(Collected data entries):
--------------------------------------------------

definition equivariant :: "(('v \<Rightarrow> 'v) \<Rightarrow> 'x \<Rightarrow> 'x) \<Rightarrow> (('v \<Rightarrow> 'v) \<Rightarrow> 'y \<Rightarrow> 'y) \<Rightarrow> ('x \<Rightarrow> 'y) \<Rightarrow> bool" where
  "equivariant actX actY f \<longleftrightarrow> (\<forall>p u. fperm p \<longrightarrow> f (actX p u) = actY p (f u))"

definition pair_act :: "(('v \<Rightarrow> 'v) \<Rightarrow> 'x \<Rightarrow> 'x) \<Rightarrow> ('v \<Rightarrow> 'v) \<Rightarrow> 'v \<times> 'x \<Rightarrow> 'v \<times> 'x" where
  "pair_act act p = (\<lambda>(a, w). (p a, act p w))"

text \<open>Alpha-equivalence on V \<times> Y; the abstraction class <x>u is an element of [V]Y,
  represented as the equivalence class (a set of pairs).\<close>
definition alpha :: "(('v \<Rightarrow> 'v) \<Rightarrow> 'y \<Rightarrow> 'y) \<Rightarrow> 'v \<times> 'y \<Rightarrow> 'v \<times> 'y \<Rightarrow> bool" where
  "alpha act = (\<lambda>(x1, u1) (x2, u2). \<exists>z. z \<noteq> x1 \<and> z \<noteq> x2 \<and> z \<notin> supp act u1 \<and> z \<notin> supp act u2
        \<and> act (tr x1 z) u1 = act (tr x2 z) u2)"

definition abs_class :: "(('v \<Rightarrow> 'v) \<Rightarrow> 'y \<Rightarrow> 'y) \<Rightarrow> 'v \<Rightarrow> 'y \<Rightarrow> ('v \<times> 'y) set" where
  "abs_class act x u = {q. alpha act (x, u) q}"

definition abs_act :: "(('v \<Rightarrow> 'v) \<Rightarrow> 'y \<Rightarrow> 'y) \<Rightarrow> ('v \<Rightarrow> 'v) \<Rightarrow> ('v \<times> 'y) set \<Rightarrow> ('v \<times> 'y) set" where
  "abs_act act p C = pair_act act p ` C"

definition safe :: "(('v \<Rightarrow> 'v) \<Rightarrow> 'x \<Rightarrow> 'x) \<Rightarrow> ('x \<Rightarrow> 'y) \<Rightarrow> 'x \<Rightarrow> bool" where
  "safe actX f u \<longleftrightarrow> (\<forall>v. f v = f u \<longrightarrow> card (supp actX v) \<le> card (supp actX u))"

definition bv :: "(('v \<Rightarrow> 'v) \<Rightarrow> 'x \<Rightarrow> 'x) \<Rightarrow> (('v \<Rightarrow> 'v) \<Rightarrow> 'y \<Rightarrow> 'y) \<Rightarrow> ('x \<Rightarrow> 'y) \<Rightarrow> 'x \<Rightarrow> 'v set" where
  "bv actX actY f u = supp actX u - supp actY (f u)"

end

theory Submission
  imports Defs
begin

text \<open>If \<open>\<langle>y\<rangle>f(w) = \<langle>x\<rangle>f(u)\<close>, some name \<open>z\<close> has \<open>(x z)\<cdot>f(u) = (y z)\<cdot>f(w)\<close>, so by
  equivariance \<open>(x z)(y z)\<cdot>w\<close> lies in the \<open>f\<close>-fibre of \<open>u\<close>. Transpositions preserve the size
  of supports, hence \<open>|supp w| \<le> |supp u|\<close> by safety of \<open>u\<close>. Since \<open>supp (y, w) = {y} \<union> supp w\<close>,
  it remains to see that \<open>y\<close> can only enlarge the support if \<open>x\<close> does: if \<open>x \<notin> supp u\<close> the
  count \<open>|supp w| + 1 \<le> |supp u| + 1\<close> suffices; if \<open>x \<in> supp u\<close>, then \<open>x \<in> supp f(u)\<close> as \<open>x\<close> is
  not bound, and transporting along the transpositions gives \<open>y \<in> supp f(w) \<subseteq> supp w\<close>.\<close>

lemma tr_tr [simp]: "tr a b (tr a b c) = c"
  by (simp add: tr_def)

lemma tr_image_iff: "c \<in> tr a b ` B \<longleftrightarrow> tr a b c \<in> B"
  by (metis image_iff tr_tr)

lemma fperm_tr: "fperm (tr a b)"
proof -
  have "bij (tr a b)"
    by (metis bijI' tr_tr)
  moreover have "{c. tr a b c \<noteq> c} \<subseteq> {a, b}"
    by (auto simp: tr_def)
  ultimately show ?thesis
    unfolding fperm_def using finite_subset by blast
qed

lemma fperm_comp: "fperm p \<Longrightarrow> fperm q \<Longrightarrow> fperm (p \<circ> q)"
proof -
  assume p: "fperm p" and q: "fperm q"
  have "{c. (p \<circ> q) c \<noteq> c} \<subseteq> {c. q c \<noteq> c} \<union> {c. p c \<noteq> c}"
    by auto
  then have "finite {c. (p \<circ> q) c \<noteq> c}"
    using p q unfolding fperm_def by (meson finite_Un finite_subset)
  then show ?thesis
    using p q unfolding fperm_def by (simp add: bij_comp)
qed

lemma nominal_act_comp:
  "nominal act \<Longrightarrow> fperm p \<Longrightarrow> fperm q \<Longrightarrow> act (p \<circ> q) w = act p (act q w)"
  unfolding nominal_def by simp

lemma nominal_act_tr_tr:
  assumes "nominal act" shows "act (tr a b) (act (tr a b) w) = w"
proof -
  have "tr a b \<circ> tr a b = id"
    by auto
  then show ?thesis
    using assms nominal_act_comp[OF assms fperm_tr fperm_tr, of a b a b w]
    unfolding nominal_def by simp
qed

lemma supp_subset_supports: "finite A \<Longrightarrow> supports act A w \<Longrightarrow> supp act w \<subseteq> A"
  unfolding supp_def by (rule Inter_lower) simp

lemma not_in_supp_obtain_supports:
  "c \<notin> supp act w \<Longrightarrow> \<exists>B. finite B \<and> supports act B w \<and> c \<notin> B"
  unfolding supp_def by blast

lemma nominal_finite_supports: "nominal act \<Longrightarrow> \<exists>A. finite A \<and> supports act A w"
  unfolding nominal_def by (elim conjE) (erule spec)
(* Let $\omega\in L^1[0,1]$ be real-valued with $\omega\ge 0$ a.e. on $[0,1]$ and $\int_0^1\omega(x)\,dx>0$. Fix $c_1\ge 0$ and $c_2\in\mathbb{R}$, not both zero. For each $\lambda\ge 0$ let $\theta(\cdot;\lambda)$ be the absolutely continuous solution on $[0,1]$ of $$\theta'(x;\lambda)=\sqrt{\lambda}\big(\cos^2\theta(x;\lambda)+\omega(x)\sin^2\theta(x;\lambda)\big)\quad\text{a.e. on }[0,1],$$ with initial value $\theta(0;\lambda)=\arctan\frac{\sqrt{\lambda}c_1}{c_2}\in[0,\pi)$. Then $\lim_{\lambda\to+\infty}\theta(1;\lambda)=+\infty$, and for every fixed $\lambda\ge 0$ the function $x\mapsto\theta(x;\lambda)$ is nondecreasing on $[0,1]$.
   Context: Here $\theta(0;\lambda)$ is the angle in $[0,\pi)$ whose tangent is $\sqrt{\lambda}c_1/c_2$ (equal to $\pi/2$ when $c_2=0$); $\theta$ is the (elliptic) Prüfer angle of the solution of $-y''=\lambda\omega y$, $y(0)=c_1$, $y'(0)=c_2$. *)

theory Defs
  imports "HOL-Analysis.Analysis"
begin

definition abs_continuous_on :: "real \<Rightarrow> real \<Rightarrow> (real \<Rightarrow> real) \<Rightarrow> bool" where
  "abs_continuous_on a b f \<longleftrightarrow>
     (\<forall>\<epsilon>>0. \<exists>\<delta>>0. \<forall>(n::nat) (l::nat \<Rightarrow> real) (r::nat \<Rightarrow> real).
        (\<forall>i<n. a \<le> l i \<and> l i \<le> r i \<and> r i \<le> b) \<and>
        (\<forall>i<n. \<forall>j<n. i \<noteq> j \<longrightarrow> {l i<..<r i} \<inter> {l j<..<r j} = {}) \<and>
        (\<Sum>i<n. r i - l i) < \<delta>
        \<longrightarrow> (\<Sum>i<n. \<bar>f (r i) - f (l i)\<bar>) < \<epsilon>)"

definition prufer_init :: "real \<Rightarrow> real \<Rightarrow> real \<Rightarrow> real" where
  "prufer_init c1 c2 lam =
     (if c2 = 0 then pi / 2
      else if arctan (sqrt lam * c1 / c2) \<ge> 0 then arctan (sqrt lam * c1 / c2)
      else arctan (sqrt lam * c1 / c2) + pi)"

--------------------------------------------------

(EXERCISE): The entries above hold a line with "using assms nominal_act_comp[OF" and a later line with "unfolding nominal_def by (elim". Write out exactly those lines and all lines between, nothing more.

(REPLY TO THE TASK):
    using assms nominal_act_comp[OF assms fperm_tr fperm_tr, of a b a b w]
    unfolding nominal_def by simp
qed

lemma supp_subset_supports: "finite A \<Longrightarrow> supports act A w \<Longrightarrow> supp act w \<subseteq> A"
  unfolding supp_def by (rule Inter_lower) simp

lemma not_in_supp_obtain_supports:
  "c \<notin> supp act w \<Longrightarrow> \<exists>B. finite B \<and> supports act B w \<and> c \<notin> B"
  unfolding supp_def by blast

lemma nominal_finite_supports: "nominal act \<Longrightarrow> \<exists>A. finite A \<and> supports act A w"
  unfolding nominal_def by (elim conjE) (erule spec)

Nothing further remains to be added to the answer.